(* Let $H$ be an RB function for $\mathcal X_r$, $\eta\ge\max_{p\in\mathcal Q}H(\mathbf f[p])$, $\epsilon>0$, and let $\mathcal V(\vec a,\vec x,\epsilon)$ be a $1-\epsilon$ confidence region for $\frac1n\sum_{j=1}^n\mathbf f[p_{\vec a_{j-1},\vec x_{j-1}}]$, with associated set $V$. Then for every $(\vec a,\vec x)\in V$, $$-\log_2P(\vec a\mid\vec x)\ge nH(\mathcal V(\vec a,\vec x,\epsilon))-\nu(\vec x)\eta .$$
   Context: Setting. A Bell device consists of $k$ boxes; box $i$ takes inputs in a finite set $\mathcal X_i$ and produces outputs in a finite set $\mathcal A_i$; $\mathcal X=\prod_i\mathcal X_i$, $\mathcal A=\prod_i\mathcal A_i$. A single-round behavior is $p=(p(a\mid x))_{a\in\mathcal A,x\in\mathcal X}$; $\mathcal Q$ is the set of quantum behaviors (those realizable by a $k$-partite quantum state and local measurements on each box). A Bell expression is $f\in\mathbb R^{|\mathcal A|\times|\mathcal X|}$ with $f[p]=\sum_{a,x}f(a,x)p(a\mid x)$; fix $\mathbf f=(f_1,\dots,f_t)$, $\mathbf f[p]=(f_1[p],\dots,f_t[p])$, $\mathbf f[\mathcal Q]=\{\mathbf f[p]:p\in\mathcal Q\}$. $n$-round model. $\vec x\in\mathcal X^n$, $\vec a\in\mathcal A^n$, prefixes $\vec x_j,\vec a_j$ (empty for $j=0$). An $n$-round device behavior is $P(\vec a\mid\vec x)=\prod_{j=1}^n p_{\vec a_{j-1},\vec x_{j-1}}(a_j\mid x_j)$ with every $p_{\vec a_{j-1},\vec x_{j-1}}\in\mathcal Q$. Inputs are drawn according to $\Pi(\vec x)=\prod_j\pi(x_j)$ for a probability distribution $\pi$ on $\mathcal X$, and $P(\vec a,\vec x)=P(\vec a\mid\vec x)\Pi(\vec x)$ defines the joint distribution $P_{AX}$. RB function. For a nonempty $\mathcal X_r\subseteq\mathcal X$, $H:\mathbf f[\mathcal Q]\to[0,\log_2|\mathcal A|]$ is RB if (1) $\min_{a\in\mathcal A,x\in\mathcal X_r}(-\log_2p(a\mid x))\ge H(\mathbf f[p])$ for all $p\in\mathcal Q$ and (2) $H(q\mathbf f[p_1]+(1-q)\mathbf f[p_2])\le qH(\mathbf f[p_1])+(1-q)H(\mathbf f[p_2])$ for $q\in[0,1]$, $p_1,p_2\in\mathcal Q$. For a set $\mathcal V\subseteq\mathbb R^t$, $H(\mathcal V)$ denotes a fixed number satisfying $H(\mathcal V)\le\inf\{H(\mathbf y):\mathbf y\in\mathbf f[\mathcal Q]\cap\mathcal V\}$, and $H(\mathcal V)=0$ if $\mathbf f[\mathcal Q]\cap\mathcal V=\emptyset$. $\nu(\vec x)$ is the number of $j$ with $x_j\notin\mathcal X_r$. Confidence region. A $1-\epsilon$ confidence region is an assignment $(\vec a,\vec x)\mapsto\mathcal V(\vec a,\vec x,\epsilon)\subseteq\mathbb R^t$ such that for every $n$-round device behavior, $\Pr_{P_{AX}}\big[\frac1n\sum_{j=1}^n\mathbf f[p_{\vec a_{j-1},\vec x_{j-1}}]\in\mathcal V(\vec a,\vec x,\epsilon)\big]\ge1-\epsilon$. The associated set is $V=\{(\vec a,\vec x):\frac1n\sum_{j=1}^n\mathbf f[p_{\vec a_{j-1},\vec x_{j-1}}]\in\mathcal V(\vec a,\vec x,\epsilon)\}$. *)

theory Defs
  imports "HOL-Analysis.Analysis"
begin

text \<open>A single-round behavior p is a function with p a x = p(a|x).
  The t Bell expressions are indexed by a finite type 't; f i a x = f_i(a,x).\<close>

type_synonym ('a, 'x) behavior = "'a \<Rightarrow> 'x \<Rightarrow> real"

definition neglog2 :: "real \<Rightarrow> ereal" where
  "neglog2 u = (if u = 0 then \<infinity> else ereal (- log 2 u))"

definition is_behavior :: "('a::finite, 'x) behavior \<Rightarrow> bool" where
  "is_behavior p \<longleftrightarrow> (\<forall>x. (\<forall>a. 0 \<le> p a x) \<and> (\<Sum>a\<in>UNIV. p a x) = 1)"

definition fval :: "('t::finite \<Rightarrow> ('a::finite, 'x::finite) behavior) \<Rightarrow> ('a, 'x) behavior \<Rightarrow> real ^ 't" where
  "fval f p = (\<chi> i. \<Sum>a\<in>UNIV. \<Sum>x\<in>UNIV. f i a x * p a x)"

definition behavior_set_convex :: "('a, 'x) behavior set \<Rightarrow> bool" where
  "behavior_set_convex Q \<longleftrightarrow>
     (\<forall>p1\<in>Q. \<forall>p2\<in>Q. \<forall>q::real. 0 \<le> q \<and> q \<le> 1 \<longrightarrow> (\<lambda>a x. q * p1 a x + (1 - q) * p2 a x) \<in> Q)"

definition RB :: "('a::finite, 'x::finite) behavior set \<Rightarrow> ('t::finite \<Rightarrow> ('a, 'x) behavior)
                  \<Rightarrow> 'x set \<Rightarrow> (real ^ 't \<Rightarrow> real) \<Rightarrow> bool" where
  "RB Q f Xr H \<longleftrightarrow>
     (\<forall>p\<in>Q. 0 \<le> H (fval f p) \<and> H (fval f p) \<le> log 2 (real CARD('a))) \<and>
     (\<forall>p\<in>Q. \<forall>a. \<forall>x\<in>Xr. ereal (H (fval f p)) \<le> neglog2 (p a x)) \<and>
     (\<forall>p1\<in>Q. \<forall>p2\<in>Q. \<forall>q::real. 0 \<le> q \<and> q \<le> 1 \<longrightarrow>
        H (q *\<^sub>R fval f p1 + (1 - q) *\<^sub>R fval f p2) \<le> q * H (fval f p1) + (1 - q) * H (fval f p2))"

text \<open>An n-round device behavior: D as xs = p_{as,xs} for prefixes of length < n.\<close>
definition device :: "('a, 'x) behavior set \<Rightarrow> nat \<Rightarrow> ('a list \<Rightarrow> 'x list \<Rightarrow> ('a, 'x) behavior) \<Rightarrow> bool" where
  "device Q n D \<longleftrightarrow> (\<forall>as xs. length as = length xs \<and> length xs < n \<longrightarrow> D as xs \<in> Q)"

definition Pn :: "nat \<Rightarrow> ('a list \<Rightarrow> 'x list \<Rightarrow> ('a, 'x) behavior) \<Rightarrow> 'a list \<Rightarrow> 'x list \<Rightarrow> real" where
  "Pn n D as xs = (\<Prod>j<n. D (take j as) (take j xs) (as ! j) (xs ! j))"

definition Pi_in :: "nat \<Rightarrow> ('x \<Rightarrow> real) \<Rightarrow> 'x list \<Rightarrow> real" where
  "Pi_in n \<pi> xs = (\<Prod>j<n. \<pi> (xs ! j))"

definition avgf :: "nat \<Rightarrow> ('t::finite \<Rightarrow> ('a::finite, 'x::finite) behavior)
                    \<Rightarrow> ('a list \<Rightarrow> 'x list \<Rightarrow> ('a, 'x) behavior) \<Rightarrow> 'a list \<Rightarrow> 'x list \<Rightarrow> real ^ 't" where
  "avgf n f D as xs = (1 / real n) *\<^sub>R (\<Sum>j<n. fval f (D (take j as) (take j xs)))"

definition nu :: "nat \<Rightarrow> 'x set \<Rightarrow> 'x list \<Rightarrow> nat" where
  "nu n Xr xs = card {j. j < n \<and> xs ! j \<notin> Xr}"

definition confidence_region ::
  "('a::finite, 'x::finite) behavior set \<Rightarrow> ('t::finite \<Rightarrow> ('a, 'x) behavior) \<Rightarrow> nat \<Rightarrow> ('x \<Rightarrow> real)
   \<Rightarrow> ('a list \<Rightarrow> 'x list \<Rightarrow> real \<Rightarrow> (real ^ 't) set) \<Rightarrow> real \<Rightarrow> bool" where
  "confidence_region Q f n \<pi> Vr eps \<longleftrightarrow>
     (\<forall>D. device Q n D \<longrightarrow>
        (\<Sum>as\<in>{as. length as = n}. \<Sum>xs\<in>{xs. length xs = n}.
           (if avgf n f D as xs \<in> Vr as xs eps then Pn n D as xs * Pi_in n \<pi> xs else 0)) \<ge> 1 - eps)"

definition assoc_set ::
  "('t::finite \<Rightarrow> ('a::finite, 'x::finite) behavior) \<Rightarrow> nat \<Rightarrow> ('a list \<Rightarrow> 'x list \<Rightarrow> ('a, 'x) behavior)
   \<Rightarrow> ('a list \<Rightarrow> 'x list \<Rightarrow> real \<Rightarrow> (real ^ 't) set) \<Rightarrow> real \<Rightarrow> ('a list \<times> 'x list) set" where
  "assoc_set f n D Vr eps = {(as, xs). length as = n \<and> length xs = n \<and> avgf n f D as xs \<in> Vr as xs eps}"

end

theory Submission
  imports Defs
begin

text \<open>On a round with input in \<open>X\<^sub>r\<close> the RB property bounds the surprisal of the output by \<open>H\<close>
  of that round's behavior; on the other rounds it is nonnegative, hence at least \<open>H - \<eta>\<close>. Summing over
  the rounds, the surprisal of the whole transcript is at least the sum of the \<open>H\<close>-values minus
  \<open>\<nu>(x)\<eta>\<close>. By convexity of \<open>Q\<close> and of \<open>H\<close>, the average of the round behaviors' \<open>f\<close>-values is itself
  the \<open>f\<close>-value of a behavior in \<open>Q\<close> whose \<open>H\<close>-value is at most the average of the \<open>H\<close>-values; on the
  associated set this average lies in the confidence region, so \<open>H(\<V>)\<close> bounds it from below.\<close>

lemma fval_convex_comb:
  "fval f (\<lambda>a x. q * p1 a x + (1 - q) * p2 a x) = q *\<^sub>R fval f p1 + (1 - q) *\<^sub>R fval f p2"
proof -
  have "(\<Sum>a\<in>UNIV. \<Sum>x\<in>UNIV. f i a x * (q * p1 a x + (1 - q) * p2 a x))
     = q * (\<Sum>a\<in>UNIV. \<Sum>x\<in>UNIV. f i a x * p1 a x) + (1 - q) * (\<Sum>a\<in>UNIV. \<Sum>x\<in>UNIV. f i a x * p2 a x)"
    for i by (simp add: sum_distrib_left sum.distrib distrib_left mult.left_commute)
  thus ?thesis unfolding fval_def by (simp add: vec_eq_iff)
qed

### Prompt
The expected answer is every line in the data above that carries the string "least".

### Solution for this problem
  of that round's behavior; on the other rounds it is nonnegative, hence at least \<open>H - \<eta>\<close>. Summing over
  the rounds, the surprisal of the whole transcript is at least the sum of the \<open>H\<close>-values minus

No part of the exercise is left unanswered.